Australia is cracking down on cryptocurrency exchanges and custody platforms with legislation that the government says could unlock $24 billion a year in productivity gains while imposing millions of dollars in fines on companies that fail to protect customer assets.
Legal Entity Amendment (Digital Asset Framework) 2025 BillThe legislation, introduced by Finance Minister Jim Chalmers and Financial Services Minister Daniel Mulino on Wednesday, establishes Australia’s first comprehensive regulatory framework for companies that hold digital assets on behalf of their customers.
The bill was introduced and had its first reading on Wednesday, and its second reading the same day. This is a procedural step in which Parliament debates the general principles of a bill before considering it in detail.
“We take Australia’s crypto industry seriously and know that blockchain and digital assets present significant opportunities for our economy, financial sector and businesses,” officials said in a written statement. statement.
James Volpe, founding director of Melbourne-based Web3 education company uCubed, said: decryption He said the bill is an “early-stage experiment that does not force any proof of concept into the licensing process from day one.”
fill a dangerous gap
The Bill introduces two new categories of financial instruments under the Companies Act.
Digital asset platforms include facilities where operators hold customers’ crypto assets and provide transaction functionality such as transfer, purchase, sale, and staking.
Tokenized custody platforms, on the other hand, handle real-world assets such as bonds, real estate, and commodities. There, a licensed operator must hold each underlying asset and issue a single redeemable token that clients can redeem in their original form.
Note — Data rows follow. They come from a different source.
(* Let $R$ be a finite transitive permutation group of degree $n$. Then $R$ has at most \[ 7.3722 \cdot n^{\frac{\log_2 n}{4} + 1.8919} \] systems of imprimitivity. *)

theory Defs
  imports Complex_Main "HOL-Algebra.Bij" "HOL-Library.Disjoint_Sets"
begin

definition transitive_perm_group :: "'a set \<Rightarrow> ('a \<Rightarrow> 'a) set \<Rightarrow> bool" where
  "transitive_perm_group \<Omega> R \<longleftrightarrow>
     subgroup R (BijGroup \<Omega>) \<and> (\<forall>x\<in>\<Omega>. \<forall>y\<in>\<Omega>. \<exists>g\<in>R. g x = y)"

definition systems_of_imprimitivity :: "'a set \<Rightarrow> ('a \<Rightarrow> 'a) set \<Rightarrow> 'a set set set" where
  "systems_of_imprimitivity \<Omega> R =
     {P. partition_on \<Omega> P \<and> (\<forall>g\<in>R. \<forall>B\<in>P. g ` B \<in> P)}"

end

theory Submission
  imports Defs
begin

text \<open>A system of imprimitivity of a transitive group R is the R-orbit of its block through a
  fixed point x, so it suffices to count the blocks containing x. In a transitive group a
  nonempty block properly contained in another block has at most half its size. Let N(b, C)
  be the number of blocks of size b containing the block C. Counting the pairs (B, s) with
  s \<in> B - C, and observing that the blocks containing both C and s contain the block D
  obtained by intersecting them, with |D| \<ge> 2|C|, gives N(b, C) \<le> (2n/b) max N(b, D).
  By induction N(b, C) \<le> (2n/b) powr log2 (b/|C|), and maximising (2n/b) powr log2 b
  over b gives at most n 2 powr ((log2 n + 1)^2/4) = 2 powr (1/4) n powr (log2 n / 4 + 3/2)
  blocks through x, which is below the stated bound.\<close>

definition is_block :: "'a set \<Rightarrow> ('a \<Rightarrow> 'a) set \<Rightarrow> 'a set \<Rightarrow> bool" where
  "is_block \<Omega> R B \<longleftrightarrow> B \<subseteq> \<Omega> \<and> (\<forall>g\<in>R. g ` B = B \<or> g ` B \<inter> B = {})"

definition blocks_above :: "'a set \<Rightarrow> ('a \<Rightarrow> 'a) set \<Rightarrow> nat \<Rightarrow> 'a set \<Rightarrow> 'a set set" where
  "blocks_above \<Omega> R b C = {B. is_block \<Omega> R B \<and> card B = b \<and> C \<subseteq> B}"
Platforms must hold an Australian financial services license, act “efficiently, honestly and fairly” and follow ASIC custody and settlement standards, which govern how assets are protected, transactions are executed, customer instructions are processed and liquidity is sourced.
Low-risk operators with less than $5,000 per customer and a volume threshold of less than $10 million are exempt from full licensing.
Volpe noted that the exemption for “truly small, low-risk platforms” allows early-stage experiments to move forward without requiring all prototypes to be fully licensed.
The bill follows ASIC’s October Update to information sheet 225added new guidance on tokens and custody, fund management, and yield products using tokens. stable coin Under current law, it is likely to be treated as a financial product.
New rules, old gaps
Darcy Allen, associate professor at RMIT University and director of the Australian Digital Economy Council, said: decryption It said the industry still had “genuine questions about how these changes will work in practice”, including how discretionary powers will be used and what compliance costs will be for Australian businesses.
“The real issue is that, after years of delays, Australia must now recognize that it is a follower in digital asset regulation,” Allen said, noting that other markets are already moving ahead with introducing clearer and more established regimes.
Sharing similar concerns, Joni Pirovich, founder and CEO of cryptocurrency specialist master agency The Crystal aOS, said: decryption While this bill is a step in the right direction, significant gaps remain and the industry will need to fight to fix them.
“Definition details” are not where they need to be, he said, adding that the industry now needs to lobby major political parties and non-partisan groups for more comprehensive reforms that also provide tax clarity.